Stored data entries:
theorem mainTheorem13:
  fixes \<iota> :: "'k::field \<Rightarrow> 'l::ring_1"
    and \<G> :: "('l, 'm) rmod set"
    and \<theta> :: "('l, 'm) rmod \<Rightarrow> real"
  assumes "fd_algebra \<iota>"
    and "infinite (UNIV :: 'm set)" and "\<exists>h :: 'l \<Rightarrow> 'm. inj h"
    and "torsion_class \<G>"
    and "\<theta> \<in> VLam"
  shows "rperp \<G> (Pcl \<G> \<theta>) = Qbar \<G> \<theta> \<and> lperp \<G> (Qbar \<G> \<theta>) = Pcl \<G> \<theta> \<and>
         (Wcl \<G> \<theta> = {X \<in> \<G>. is_zero X} \<longrightarrow>
            Qbar \<G> \<theta> = Qcl \<G> \<theta> \<and> Qcl \<G> \<theta> = rperp \<G> (Pcl \<G> \<theta>) \<and> Pcl \<G> \<theta> = lperp \<G> (Qcl \<G> \<theta>))"
proof -
  note tc = assms(4) and fd = assms(1) and \<theta> = assms(5)
  have rperp: "rperp \<G> (Pcl \<G> \<theta>) = Qbar \<G> \<theta>" by (rule rperp_Pcl_eq_Qbar[OF tc fd \<theta>])
  have lperp: "lperp \<G> (Qbar \<G> \<theta>) = Pcl \<G> \<theta>" by (rule lperp_Qbar_eq_Pcl[OF tc fd \<theta>])
  have "Wcl \<G> \<theta> = {X \<in> \<G>. is_zero X} \<longrightarrow>
      Qbar \<G> \<theta> = Qcl \<G> \<theta> \<and> Qcl \<G> \<theta> = rperp \<G> (Pcl \<G> \<theta>) \<and> Pcl \<G> \<theta> = lperp \<G> (Qcl \<G> \<theta>)"
  proof
    assume "Wcl \<G> \<theta> = {X \<in> \<G>. is_zero X}"
    then have "Qbar \<G> \<theta> = Qcl \<G> \<theta>"
      using Qbar_subset_Qcl[OF tc fd \<theta>] Qcl_subset_Qbar[OF tc fd \<theta>] by (intro subset_antisym)
    with rperp lperp show "Qbar \<G> \<theta> = Qcl \<G> \<theta> \<and> Qcl \<G> \<theta> = rperp \<G> (Pcl \<G> \<theta>) \<and>
        Pcl \<G> \<theta> = lperp \<G> (Qcl \<G> \<theta>)" by simp
  qed
  with rperp lperp show ?thesis by blast
qed

end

EXERCISE REQUIREMENTS →
All records should be returned verbatim, none left out.

SOLUTION TO THE PROBLEM →
theorem mainTheorem13:
  fixes \<iota> :: "'k::field \<Rightarrow> 'l::ring_1"
    and \<G> :: "('l, 'm) rmod set"
    and \<theta> :: "('l, 'm) rmod \<Rightarrow> real"
  assumes "fd_algebra \<iota>"
    and "infinite (UNIV :: 'm set)" and "\<exists>h :: 'l \<Rightarrow> 'm. inj h"
    and "torsion_class \<G>"
    and "\<theta> \<in> VLam"
  shows "rperp \<G> (Pcl \<G> \<theta>) = Qbar \<G> \<theta> \<and> lperp \<G> (Qbar \<G> \<theta>) = Pcl \<G> \<theta> \<and>
         (Wcl \<G> \<theta> = {X \<in> \<G>. is_zero X} \<longrightarrow>
            Qbar \<G> \<theta> = Qcl \<G> \<theta> \<and> Qcl \<G> \<theta> = rperp \<G> (Pcl \<G> \<theta>) \<and> Pcl \<G> \<theta> = lperp \<G> (Qcl \<G> \<theta>))"
proof -
  note tc = assms(4) and fd = assms(1) and \<theta> = assms(5)
  have rperp: "rperp \<G> (Pcl \<G> \<theta>) = Qbar \<G> \<theta>" by (rule rperp_Pcl_eq_Qbar[OF tc fd \<theta>])
  have lperp: "lperp \<G> (Qbar \<G> \<theta>) = Pcl \<G> \<theta>" by (rule lperp_Qbar_eq_Pcl[OF tc fd \<theta>])
  have "Wcl \<G> \<theta> = {X \<in> \<G>. is_zero X} \<longrightarrow>
      Qbar \<G> \<theta> = Qcl \<G> \<theta> \<and> Qcl \<G> \<theta> = rperp \<G> (Pcl \<G> \<theta>) \<and> Pcl \<G> \<theta> = lperp \<G> (Qcl \<G> \<theta>)"
  proof
    assume "Wcl \<G> \<theta> = {X \<in> \<G>. is_zero X}"
    then have "Qbar \<G> \<theta> = Qcl \<G> \<theta>"
      using Qbar_subset_Qcl[OF tc fd \<theta>] Qcl_subset_Qbar[OF tc fd \<theta>] by (intro subset_antisym)
    with rperp lperp show "Qbar \<G> \<theta> = Qcl \<G> \<theta> \<and> Qcl \<G> \<theta> = rperp \<G> (Pcl \<G> \<theta>) \<and>
        Pcl \<G> \<theta> = lperp \<G> (Qcl \<G> \<theta>)" by simp
  qed
  with rperp lperp show ?thesis by blast
qed

end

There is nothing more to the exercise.